I received your project and was able to reproduce. Few solutions were implemented, but problem was not solved.

  • RTX uses a trick to support self-terminating a thread and we assumed that this might confuse GDB. Removing that does not help.
  • When a thread is created and prepared to be launched, we prepared the basic stack frame R0..R3, R12, LR, PC, xPSR. We set LR to osThreadExit (self-teminate) and PC to the thread entry function. Setting LR to a different value (0 or 0xFFFFFFFF, 0xFFFFFFFD) did not make any difference.
  • GDB source code (frame.c/get_prev_frame() ) shows that if variable frame_pc equals 0 stops the process, which means illegal address, so this is also not relevant.
  • Solution with uVision debugger to stop the unwinding is implemented with Stop-symbols which are known to exist in debug info of loaded app.

We also could not duplicate your solution of using two zero-initialized word on top of stack to stop the unwinder, hope you could tell us how to replicate this too.

Regards, Domen

udoe commented

Hi Domen,

I was able to replicate my workaround in the demo project. For this, I changed the thread setup code as follows:

    osThreadAttr_t tattr;
    memset(&tattr, 0, sizeof(tattr));
    tattr.name = "MAIN";
    tattr.priority = osPriorityNormal;
    tattr.stack_mem = gThreadStack;
    // To demonstrate the problem, preserve 16 bytes filled with 0xEE at top of stack.
    tattr.stack_size = sizeof(gThreadStack) - 16;
#if 1
    // Workaround: Place two zero-initialized words at top of stack.
    tattr.stack_size -= 8;
    uint32_t* p = (uint32_t*)&gThreadStack[tattr.stack_size];
    p[0] = 0;
    p[1] = 0;
#endif
    osThreadNew(MainThread, NULL, &tattr);    // Create application main thread

When the breakpoint is hit, this is the result:

stack_unwind_2

Note that gdb now shows 0x0 at top of stack (red markers) and that the "Em(12). Target rejected debug access at location..." messages disappear in the evkbmimxrt1060_igpio_led_output Debug messages log (blue marker).
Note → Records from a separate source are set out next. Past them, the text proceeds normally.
lemma (in prob_space) wlln_rate:
  fixes X :: "'i \<Rightarrow> 'a \<Rightarrow> real" and D :: "real measure"
  assumes indep: "indep_vars (\<lambda>_. borel) X J"
    and dist: "\<And>j. j \<in> J \<Longrightarrow> distr M borel (X j) = D"
    and "prob_space D" and sets_D[measurable_cong]: "sets D = sets borel"
    and "integrable D (\<lambda>x. x)" and "0 < \<epsilon>"
  shows "\<exists>f. f \<longlonglongrightarrow> 0 \<and> (\<forall>I. I \<subseteq> J \<longrightarrow> finite I \<longrightarrow>
           prob {\<omega>\<in>space M. \<epsilon> * real (card I) < \<bar>(\<Sum>i\<in>I. X i \<omega>) - real (card I) * (\<integral>x. x \<partial>D)\<bar>}
             \<le> f (card I))"
proof -
  define a where "a = (\<integral>x. x \<partial>D)"
  define tl where "tl n = measure D {x. real n < \<bar>x\<bar>}" for n
  define mm where "mm n = (\<integral>x. trunc (real n) x \<partial>D)" for n
  define ss where "ss n = (\<integral>x. (trunc (real n) x)\<^sup>2 / real n \<partial>D)" for n
  define f where "f n = real n * tl n + 4 / \<epsilon>\<^sup>2 * ss n + (if \<epsilon>/2 < \<bar>mm n - a\<bar> then 1 else 0)" for n
  have ss_nonneg: "0 \<le> ss n" for n
    unfolding ss_def by (intro integral_nonneg_AE) auto
  have "\<forall>\<^sub>F n in sequentially. \<bar>mm n - a\<bar> < \<epsilon>/2"
    using truncated_mean_tendsto[OF assms(4,5), THEN tendsto_diff[OF _ tendsto_const], THEN tendsto_rabs]
      \<open>0 < \<epsilon>\<close>
    unfolding mm_def a_def by (intro order_tendstoD(2)) auto
  then have "\<forall>\<^sub>F n in sequentially. 0 = (if \<epsilon>/2 < \<bar>mm n - a\<bar> then 1 else (0::real))"
    by eventually_elim auto
  then have "(\<lambda>n. if \<epsilon>/2 < \<bar>mm n - a\<bar> then 1 else (0::real)) \<longlonglongrightarrow> 0"
    by (rule Lim_transform_eventually[OF tendsto_const])
  then have "f \<longlonglongrightarrow> 0 + 4 / \<epsilon>\<^sup>2 * 0 + 0"
    unfolding f_def tl_def ss_def
    by (intro tendsto_add tendsto_mult tendsto_const tail_measure_o_n truncated_second_moment_o_n assms)
  moreover have "prob {\<omega>\<in>space M. \<epsilon> * real (card I) < \<bar>(\<Sum>i\<in>I. X i \<omega>) - real (card I) * a\<bar>}
      \<le> f (card I)" if "I \<subseteq> J" "finite I" for I
  proof -
    define t where "t = card I"
    consider "t = 0" | "\<epsilon>/2 < \<bar>mm t - a\<bar>" | "0 < t" "\<bar>mm t - a\<bar> \<le> \<epsilon>/2"
      by linarith
    then show ?thesis
    proof cases
      case 1
      then show ?thesis
        using \<open>finite I\<close> ss_nonneg[of 0] \<open>0 < \<epsilon>\<close> unfolding t_def f_def tl_def by simp
    next
      case 2
      have "prob {\<omega>\<in>space M. \<epsilon> * real (card I) < \<bar>(\<Sum>i\<in>I. X i \<omega>) - real (card I) * a\<bar>} \<le> 1"
        by simp
      also have "1 \<le> f (card I)"
        using 2 ss_nonneg[of t] \<open>0 < \<epsilon>\<close> unfolding f_def tl_def t_def by auto
      finally show ?thesis .
    next
      case 3
      have "real t * (\<integral>x. (trunc (real t) x)\<^sup>2 \<partial>D) / (\<epsilon> * real t / 2)\<^sup>2 = 4 / \<epsilon>\<^sup>2 * ss t"
        using 3 \<open>0 < \<epsilon>\<close> unfolding ss_def by (simp add: field_simps power2_eq_square)
      then show ?thesis
        using prob_sum_deviation_le_truncated[OF \<open>finite I\<close> _ indep_vars_subset[OF indep \<open>I \<subseteq> J\<close>] _ sets_D
            \<open>0 < \<epsilon>\<close>, of "real t"] 3 dist \<open>I \<subseteq> J\<close>
        unfolding t_def f_def tl_def mm_def a_def by auto
    qed
  qed
  ultimately show ?thesis
    unfolding a_def by force
qed

lemma ex_bracketing_index:
  fixes g :: "nat \<Rightarrow> nat"
  assumes "g 0 \<le> m" "m \<le> g K" "0 < K"
  shows "\<exists>l<K. g l \<le> m \<and> m \<le> g (Suc l)"
  using assms
proof (induction K)
  case 0
  then show ?case by simp
next
  case (Suc K)
  show ?case
  proof (cases "g K \<le> m")
    case True
    then show ?thesis using Suc.prems(2) by auto
  next
    case False
    with Suc.prems(1) have "0 < K" by (cases K) auto
    with False Suc.IH Suc.prems(1) obtain l where "l < K" "g l \<le> m" "m \<le> g (Suc l)"
      by fastforce
    then show ?thesis by (intro exI[of _ l]) auto
  qed
qed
As for the self-terminating behavior: Can't you achieve this by using an internal thread entry function which looks like this:

void ThreadEntry(osThreadFunc_t func, void *argument)
{
    (func)(argument);
    osThreadExit();
}

Best regards,
Udo

udoe commented

Hi again,

I also tried a simple AzureRTOS sample which comes with the NXP SDK:
Import SDK examples --> azure_rtos_examples --> threadx_demo

Here is a screen shot from the IDE when a breakpoint in thread_0_entry is hit:

azrtos_breakpoint

You can see that the backtrace stops at 0xfffffffe which is the magic LR value. No invalid memory access occurs.

Udo

udoe commented

Hello,

May I ask for a status update? If I can provide further info, let me know.

Udo

Hi Udo,

Sorry for the longer response time.

We have analyzed the issue again and tested the possible solutions.

Using a thread entry wrapper (with the self-terminating behavior) sounds the optimal solution in this case (rather then increasing stack with 8-bytes). The wrapper should however also not use any stack (probably implemented as inline ASM).

We plan to add the thread entry wrapper in the coming weeks.

Thanks for all you help!

Thread entry wrapper has been added. The problem with GCC stack unwind should be resolved now.